Your questions or reason for posting does not seem to be regarding the prevention of HIV and see that is the limit of your membership here in the "prevention section" about "HIV prevention"

Your welcome to read the forum, but I don't think you should be posting unless you have a prevention question for yourself.

Quote
HIV is very difficult to contract and pass on, and more or less impossible to pass on if your viral load in undetectable.

20 years of studies, no infections when someone has been on treatment and UD (Undetectable blood levels of HIV) for more than 6 months and maintains treatment.

Its more than just "Less impossible" this is dramatically understating the reduction in risk, its actually virtually 0 to the point the burden of the argument scientifically or medically speaking at this stage is now should be challenged to the other-foot of the story, in other-words the risk is 0 until proven otherwise.

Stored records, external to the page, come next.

text \<open>On an edge pq with p \<in> S and q \<notin> S the product of the flipped coordinates is
  v_q - v_p v_q, whose mean under a min decomposition of the flipped point is
  x_q - min (1 - x_p) x_q = max 0 (x_p + x_q - 1).\<close>
lemma mccormick_lower_in_convex_hull:
  fixes E :: "'n::finite set set"
  assumes "simple_graph E" "\<forall>e\<in>E. card (e \<inter> S) = 1" "x \<in> cube01"
  shows "(x, mccormick_lower E a x) \<in> convex hull graph_B E a"
proof -
  obtain u where u: "min_decomposition u (flip_coords S x)"
    using min_decomposition_exists[OF flip_coords_cube01[OF assms(3)]] by blast
  have mean: "(\<Sum>v\<in>cube_vertices. u v * v$k) = flip_coords S x $ k"
      and mean_flip: "(\<Sum>v\<in>cube_vertices. u v * (1 - v$k)) = 1 - flip_coords S x $ k" for k
    using u unfolding min_decomposition_def by (simp_all add: right_diff_distrib sum_subtractf)
  show ?thesis
    unfolding mccormick_lower_def
  proof (rule convex_hull_graph_B_sum[OF finite_cube_vertices, where u = u and g = "flip_coords S"])
    show "(\<Sum>v\<in>cube_vertices. u v *\<^sub>R flip_coords S v) = x"
    proof (rule vec_eq_iff[THEN iffD2], intro allI)
      fix k
      show "(\<Sum>v\<in>cube_vertices. u v *\<^sub>R flip_coords S v) $ k = x$k"
        using mean[of k] mean_flip[of k] by (cases "k \<in> S") (simp_all add: flip_coords_nth)
    qed
    show "(\<Sum>v\<in>cube_vertices. u v * (\<Prod>k\<in>e. flip_coords S v $ k)) = max 0 ((\<Sum>k\<in>e. x$k) - 1)"
      if eE: "e \<in> E" for e
    proof -
      obtain i j where ij: "e = {i, j}" "i \<noteq> j" using simple_graph_edge[OF assms(1) eE] .
      then obtain p q where e: "e = {p, q}" "p \<in> S" "q \<notin> S"
        using assms(2) eE edge_across_cut by metis
      then have "p \<noteq> q" by blast
      then have "(\<Sum>v\<in>cube_vertices. u v * (\<Prod>k\<in>e. flip_coords S v $ k)) =
          (\<Sum>v\<in>cube_vertices. u v * v$q - u v * (v$p * v$q))"
        using e by (simp add: flip_coords_nth algebra_simps)
      also have "\<dots> = x$q - min (1 - x$p) (x$q)"
        using u e unfolding min_decomposition_def by (simp add: sum_subtractf flip_coords_nth)
      also have "\<dots> = max 0 ((\<Sum>k\<in>e. x$k) - 1)"
        using e \<open>p \<noteq> q\<close> by (simp add: min_def max_def)
      finally show ?thesis .
    qed
  qed (use u flip_coords_cube01 cube_vertices_subset_cube01 in \<open>auto simp: min_decomposition_def\<close>)
qed
lemma mixed_norm_pi_act_integrand_le:
  assumes \<xi>: "\<xi> \<in> borel_measurable borel" and F [measurable]: "F \<in> borel_measurable borel"
  shows "(\<integral>\<^sup>+u. (\<integral>\<^sup>+g. ennreal (cmod (F g * pi_act \<rho> lam g \<xi> u)) \<partial>lborel)\<^sup>2 \<partial>lborel)
     \<le> (\<integral>\<^sup>+g. ennreal (cmod (F g)) \<partial>lborel)\<^sup>2 * (\<integral>\<^sup>+v. ennreal ((cmod (\<xi> v))\<^sup>2) \<partial>lborel)"
proof -
  define A where "A = (\<integral>\<^sup>+g. ennreal (cmod (F g)) \<partial>(lborel::grp measure))"
  define X where "X = (\<integral>\<^sup>+v. ennreal ((cmod (\<xi> v))\<^sup>2) \<partial>lborel)"
  have FK: "(\<lambda>(u, g). F g * pi_act \<rho> lam g \<xi> u) \<in> borel_measurable (lborel \<Otimes>\<^sub>M lborel)"
    and K: "(\<lambda>(u, g). pi_act \<rho> lam g \<xi> u) \<in> borel_measurable (lborel \<Otimes>\<^sub>M lborel)"
    using pi_act_integrand_measurable[OF \<xi>, of F] pi_act_integrand_measurable[OF \<xi>, of "\<lambda>_. 1"] F
    by simp_all
  have FK2: "(\<lambda>(u, g). ennreal (cmod (F g) * (cmod (pi_act \<rho> lam g \<xi> u))\<^sup>2))
      \<in> borel_measurable (lborel \<Otimes>\<^sub>M lborel)"
    using FK K by measurable
  have "(\<integral>\<^sup>+u. (\<integral>\<^sup>+g. ennreal (cmod (F g * pi_act \<rho> lam g \<xi> u)) \<partial>lborel)\<^sup>2 \<partial>lborel)
      \<le> (\<integral>\<^sup>+u. A * (\<integral>\<^sup>+g. ennreal (cmod (F g) * (cmod (pi_act \<rho> lam g \<xi> u))\<^sup>2) \<partial>lborel) \<partial>lborel)"
    unfolding A_def by (intro nn_integral_mono nn_integral_pi_act_Cauchy_Schwarz \<xi> F)
  also have "\<dots> = A * (\<integral>\<^sup>+u. (\<integral>\<^sup>+g. ennreal (cmod (F g) * (cmod (pi_act \<rho> lam g \<xi> u))\<^sup>2) \<partial>lborel) \<partial>lborel)"
    by (rule nn_integral_cmult) (rule lborel.borel_measurable_nn_integral[OF FK2])
  also have "\<dots> = A * (\<integral>\<^sup>+g. (\<integral>\<^sup>+u. ennreal (cmod (F g) * (cmod (pi_act \<rho> lam g \<xi> u))\<^sup>2) \<partial>lborel) \<partial>lborel)"
    by (simp only: lborel_pair.Fubini'[OF FK2])
  also have "\<dots> = A * (\<integral>\<^sup>+g. ennreal (cmod (F g)) * X \<partial>lborel)"
  proof -
    have "(\<lambda>u. pi_act \<rho> lam g \<xi> u) \<in> borel_measurable lborel" for g
      using measurable_Pair1[OF K, of g] by simp
    then have "(\<lambda>u. ennreal ((cmod (pi_act \<rho> lam g \<xi> u))\<^sup>2)) \<in> borel_measurable lborel" for g
      by measurable
    then show ?thesis
      by (simp add: ennreal_mult nn_integral_cmult nn_integral_norm_pi_act_square[OF \<xi>] X_def)
  qed
  also have "\<dots> = A\<^sup>2 * X"
    by (simp add: nn_integral_multc A_def power2_eq_square mult.assoc)
  finally show ?thesis by (simp add: A_def X_def)
qed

U=U messages as a result so ‘Undetectable Equals Untransmittable’ has been endorsed by more than 600 organizations from 75 countries

Quote
Oral sex is very very low risk for HIV

Define the act, oral is too vague and some oral simply has no risk as in none. Oral is a shit and lazy term causing misunderstanding and leading people to still fear basic things by taking the term out of context like sharing forks or a kiss on the cheek.

Quote
HIV is not a death sentence like in the 80s, but it's hardly a walk in the park and many doctors are guilty of downplaying it? That said the vast majority of those infected will live healthy normal lifespans.

It leads to the death of over 1 million people each year including people in developed nations locations like the USA and the EU.

If you go by total numbers than more people died during the 90's and early 2000's than they did in the 80's, peek was in 2004/2005 and on top of the that still today due to late diagnosis some people do suffer permanent damage before starting treatment as a result. In Ireland nearly 50% are diagnosed late or very late.

On the other-hand for the first-time in history half of the people living with HIV are receiving treatment worldwide but this also means the other half are not risking damage and death. 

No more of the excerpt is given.